LRD guides and handbook June 2016

Law at Work 2016

Chapter 6

Requirements to notify employers 


[ch 6: pages 176-177]

To comply with the legislation, a union must also give notice to employers at four key stages as set out below. These are contained in section 226A, TULRCA (amended by the ERA 04).


The DTI, now the Department for Business, Innovation and Skills (BIS), Code of Practice Industrial action ballots and notice to employers, provides further information (although this Code predates the TUA16).


Notification stages 


Stage 1: When taking a decision to ballot for industrial action, a union must first notify the employer in writing, at least seven days before the ballot, that the union intends to hold a ballot, as well as the date when it believes the ballot will begin. The union must also provide either (a) a list of the categories of worker and workplaces, with numbers; or (b) if the employer makes deductions for payments to the union, a check-off list, either the same list as in (a) above, or such information as to enable the employer to identify the employees concerned (section 226A(1), TULRCA).


When compiling the list of categories of worker, unions need only provide numbers by reference to general job categories, and need not be limited to any particular categories, such as those used for pay purposes (National Union of Rail, Maritime & Transport Workers v Serco Limited t/a Serco Docklands and The Associated Society of Locomotive Engineers & Firemen v London & Birmingham Railway Limited t/a London Midland [2011] EWCA Civ 226).


Stage 2: No later than three days before the ballot commences, the employer must have received a sample copy of the ballot paper.


Stage 3: As soon as possible after the ballot result has been declared, the union must notify the employer of the outcome (section 231A, TULCRA), providing information as to the number of workers entitled to vote, number of votes cast, number who answered in favour and against to each question and number of spoiled or invalid voting papers. Once the changes to the balloting thresholds in the TUA16 become law, this notice will also have to state whether the number of votes cast was as least 50% of the bargaining unit (with at least 40% voting in favour in a strike in “important services”). This requirement to notify the employer as soon as possible has been interpreted strictly by courts.


Stage 4: Here, an important change will be made by section 8 of the TUA16 once the section is in force. The amount of notice the union must give the employer before the balloted industrial action begins is currently seven days (section 234A, TULRCA). This is to increase to 14 days (or seven days if the employer agrees).
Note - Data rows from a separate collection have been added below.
lemma integrable_mult_L2rv:
  assumes "f \<in> L2rv M" "g \<in> L2rv M"
  shows "integrable M (\<lambda>\<omega>. f \<omega> * g \<omega>)"
proof (rule Bochner_Integration.integrable_bound)
  show "integrable M (\<lambda>\<omega>. (f \<omega>)^2 + (g \<omega>)^2)"
    using assms by (simp add: L2rv_integrable_sq)
  show "(\<lambda>\<omega>. f \<omega> * g \<omega>) \<in> borel_measurable M"
    using assms by (intro borel_measurable_times L2rv_borel_measurable)
  have "\<bar>a * b\<bar> \<le> a^2 + b^2" for a b :: real
  proof -
    have "2 * (\<bar>a\<bar> * \<bar>b\<bar>) \<le> a^2 + b^2" "0 \<le> \<bar>a\<bar> * \<bar>b\<bar>"
      using sum_squares_bound[of "\<bar>a\<bar>" "\<bar>b\<bar>"] by (simp_all add: mult.assoc)
    then show ?thesis
      unfolding abs_mult by linarith
  qed
  then show "AE \<omega> in M. norm (f \<omega> * g \<omega>) \<le> norm ((f \<omega>)^2 + (g \<omega>)^2)"
    by simp
qed

lemma L2rv_add:
  assumes "f \<in> L2rv M" "g \<in> L2rv M"
  shows "(\<lambda>\<omega>. f \<omega> + g \<omega>) \<in> L2rv M"
proof (rule L2rvI)
  show "(\<lambda>\<omega>. f \<omega> + g \<omega>) \<in> borel_measurable M"
    using assms[THEN L2rv_borel_measurable] by (rule borel_measurable_add)
  have "integrable M (\<lambda>\<omega>. (f \<omega>)^2 + (g \<omega>)^2 + 2 * (f \<omega> * g \<omega>))"
    using assms by (simp add: L2rv_integrable_sq integrable_mult_L2rv)
  then show "integrable M (\<lambda>\<omega>. (f \<omega> + g \<omega>)^2)"
    by (simp add: power2_sum mult.assoc)
qed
The notice must be in writing, giving information on the number, category or workplaces of the employees being called upon to take action, the date the action will begin, or the date of each stoppage if planning a series of stoppages, a statement that the union gives notice under section 234A of TULCRA 1992, and the lists of categories of workers and workplaces, as for Stage 1. The notice must also specify whether the action planned is continuous (giving the intended date when it will commence) or discontinuous (giving the intended dates when it will occur). 


When providing an explanation of how figures in the statutory notifications have been arrived at, the union must provide the employer with figures that are as accurate as possible, in the light of information in the union’s possession at the time of providing the figures. Union officers are not required to take any extra steps to obtain additional information from members. In particular, there is no obligation to provide information about precisely who did what and when, in relation to compiling the data (National Union of Rail, Maritime & Transport Workers v Serco Limited t/a Serco Docklands and The Associated Society of Locomotive Engineers & Firemen v London & Birmingham Railway Limited t/a London Midland [2011] EWCA Civ 226).